- _INPUT MATERIAL_:
+++++

lemma fw_gap_inexact_step:
  fixes G :: "'a::real_inner \<Rightarrow> 'a" and F :: "'a \<Rightarrow> real"
  assumes ne: "\<Omega> \<noteq> {}" and x: "x \<in> \<Omega>" and v: "v \<in> \<Omega>"
    and v_max: "\<And>u. u \<in> \<Omega> \<Longrightarrow> u \<bullet> (- est) \<le> v \<bullet> (- est)"
    and diam: "\<And>x y. x \<in> \<Omega> \<Longrightarrow> y \<in> \<Omega> \<Longrightarrow> norm (x - y) \<le> D"
    and "0 \<le> \<gamma>" and "0 \<le> L"
    and descent: "F (x + \<gamma> *\<^sub>R (v - x))
                    \<le> F x + G x \<bullet> (\<gamma> *\<^sub>R (v - x)) + L / 2 * norm (\<gamma> *\<^sub>R (v - x))^2"
  shows "\<gamma> * fw_gap \<Omega> G x
           \<le> F x - F (x + \<gamma> *\<^sub>R (v - x)) + L / 2 * \<gamma>^2 * D^2 + \<gamma> * D * norm (est - G x)"
proof -
  define e where "e = est - G x"
  have "fw_gap \<Omega> G x \<le> - (G x \<bullet> (v - x)) + D * norm e"
  proof (rule fw_gap_le[OF ne])
    fix u
    assume u: "u \<in> \<Omega>"
    have "(u - x) \<bullet> (- G x) = (u - x) \<bullet> (- est) + (u - x) \<bullet> e"
      by (simp add: e_def inner_diff_right)
    also have "(u - x) \<bullet> (- est) \<le> (v - x) \<bullet> (- est)"
      using v_max[OF u] by (simp add: inner_diff_left)
    also have "(v - x) \<bullet> (- est) = - (G x \<bullet> (v - x)) - (v - x) \<bullet> e"
      by (simp add: e_def inner_diff_right inner_commute)
    finally have "(u - x) \<bullet> (- G x) \<le> - (G x \<bullet> (v - x)) + (u - v) \<bullet> e"
      by (simp add: inner_diff_left)
    also have "(u - v) \<bullet> e \<le> norm (u - v) * norm e"
      by (rule norm_cauchy_schwarz)
    also have "\<dots> \<le> D * norm e"
      by (intro mult_right_mono diam u v) auto
    finally show "(u - x) \<bullet> (- G x) \<le> - (G x \<bullet> (v - x)) + D * norm e"
      by simp
  qed
  then have "\<gamma> * fw_gap \<Omega> G x \<le> \<gamma> * (- (G x \<bullet> (v - x)) + D * norm e)"
    using \<open>0 \<le> \<gamma>\<close> by (rule mult_left_mono)
  moreover have "norm (\<gamma> *\<^sub>R (v - x))^2 \<le> \<gamma>^2 * D^2"
    using diam[OF v x] \<open>0 \<le> \<gamma>\<close> by (simp add: power_mult_distrib mult_left_mono power_mono)
  then have "F (x + \<gamma> *\<^sub>R (v - x)) \<le> F x + \<gamma> * (G x \<bullet> (v - x)) + L / 2 * (\<gamma>^2 * D^2)"
    using descent mult_left_mono[of _ _ "L / 2"] \<open>0 \<le> L\<close> by fastforce
  ultimately show ?thesis
    by (simp add: e_def algebra_simps)
qed

text \<open>First-order optimality: otherwise a short step towards \<open>u\<close> would decrease F.\<close>
lemma fw_gap_nonpos_at_minimizer:
  fixes G :: "'a::real_inner \<Rightarrow> 'a" and F :: "'a \<Rightarrow> real"
  assumes ne: "\<Omega> \<noteq> {}" and cvx: "convex \<Omega>" and x: "x \<in> \<Omega>"
    and min: "\<And>y. y \<in> \<Omega> \<Longrightarrow> F x \<le> F y"
    and diam: "\<And>x y. x \<in> \<Omega> \<Longrightarrow> y \<in> \<Omega> \<Longrightarrow> norm (x - y) \<le> D"
    and "0 \<le> L"
    and descent: "\<And>y. y \<in> \<Omega> \<Longrightarrow> F y \<le> F x + G x \<bullet> (y - x) + L / 2 * norm (y - x)^2"
  shows "fw_gap \<Omega> G x \<le> 0"
proof (rule fw_gap_le[OF ne])
  fix u
  assume u: "u \<in> \<Omega>"
  define c where "c = (u - x) \<bullet> (- G x)"
  show "(u - x) \<bullet> (- G x) \<le> 0"
  proof (rule ccontr)
    assume "\<not> (u - x) \<bullet> (- G x) \<le> 0"
    then have "c > 0" by (simp add: c_def)
    have LD: "0 \<le> L * D^2" using \<open>0 \<le> L\<close> by simp
    define s where "s = min 1 (c / (L * D^2 + 1))"
    have "s \<le> c / (L * D^2 + 1)"
      by (simp add: s_def)
    then have "s * (L * D^2 + 1) \<le> c"
      using LD by (subst (asm) pos_le_divide_eq) auto
    moreover have "0 < s" "s \<le> 1"
      using \<open>c > 0\<close> LD by (auto simp: s_def)
    ultimately have s: "0 < s" "s \<le> 1" "s * (L * D^2 + 1) \<le> c"
      by auto
    have y: "x + s *\<^sub>R (u - x) \<in> \<Omega>"
      using convexD_alt[OF cvx x u, of s] s by (simp add: algebra_simps)
    have "F x \<le> F x + G x \<bullet> (s *\<^sub>R (u - x)) + L / 2 * norm (s *\<^sub>R (u - x))^2"
      using min[OF y] descent[OF y] by simp
    also have "norm (s *\<^sub>R (u - x))^2 = s^2 * norm (u - x)^2"
      using s by (simp add: power_mult_distrib)
    finally have "0 \<le> - s * c + L / 2 * (s^2 * norm (u - x)^2)"
      by (simp add: c_def inner_diff_right inner_commute algebra_simps)
    also have "\<dots> \<le> - s * c + L / 2 * (s^2 * D^2)"
      using \<open>0 \<le> L\<close> by (intro add_left_mono mult_left_mono power_mono diam u x) auto
    finally have "c \<le> s * (L * D^2 / 2)"
      using s by (simp add: power2_eq_square algebra_simps)
    also have "\<dots> < s * (L * D^2 + 1)"
      using s LD by (intro mult_strict_left_mono) auto
    finally show False
      using s by simp
  qed
qed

+++++

- _EXERCISE REQUIREMENTS_: From the listing above, the lines starting with the one that has "x \<bullet> (\<gamma>" and running through the one that has "x) \<bullet> (- est) +" should be copied exactly, ends included.

- _EXERCISE RESPONSE_:
                    \<le> F x + G x \<bullet> (\<gamma> *\<^sub>R (v - x)) + L / 2 * norm (\<gamma> *\<^sub>R (v - x))^2"
  shows "\<gamma> * fw_gap \<Omega> G x
           \<le> F x - F (x + \<gamma> *\<^sub>R (v - x)) + L / 2 * \<gamma>^2 * D^2 + \<gamma> * D * norm (est - G x)"
proof -
  define e where "e = est - G x"
  have "fw_gap \<Omega> G x \<le> - (G x \<bullet> (v - x)) + D * norm e"
  proof (rule fw_gap_le[OF ne])
    fix u
    assume u: "u \<in> \<Omega>"
    have "(u - x) \<bullet> (- G x) = (u - x) \<bullet> (- est) + (u - x) \<bullet> e"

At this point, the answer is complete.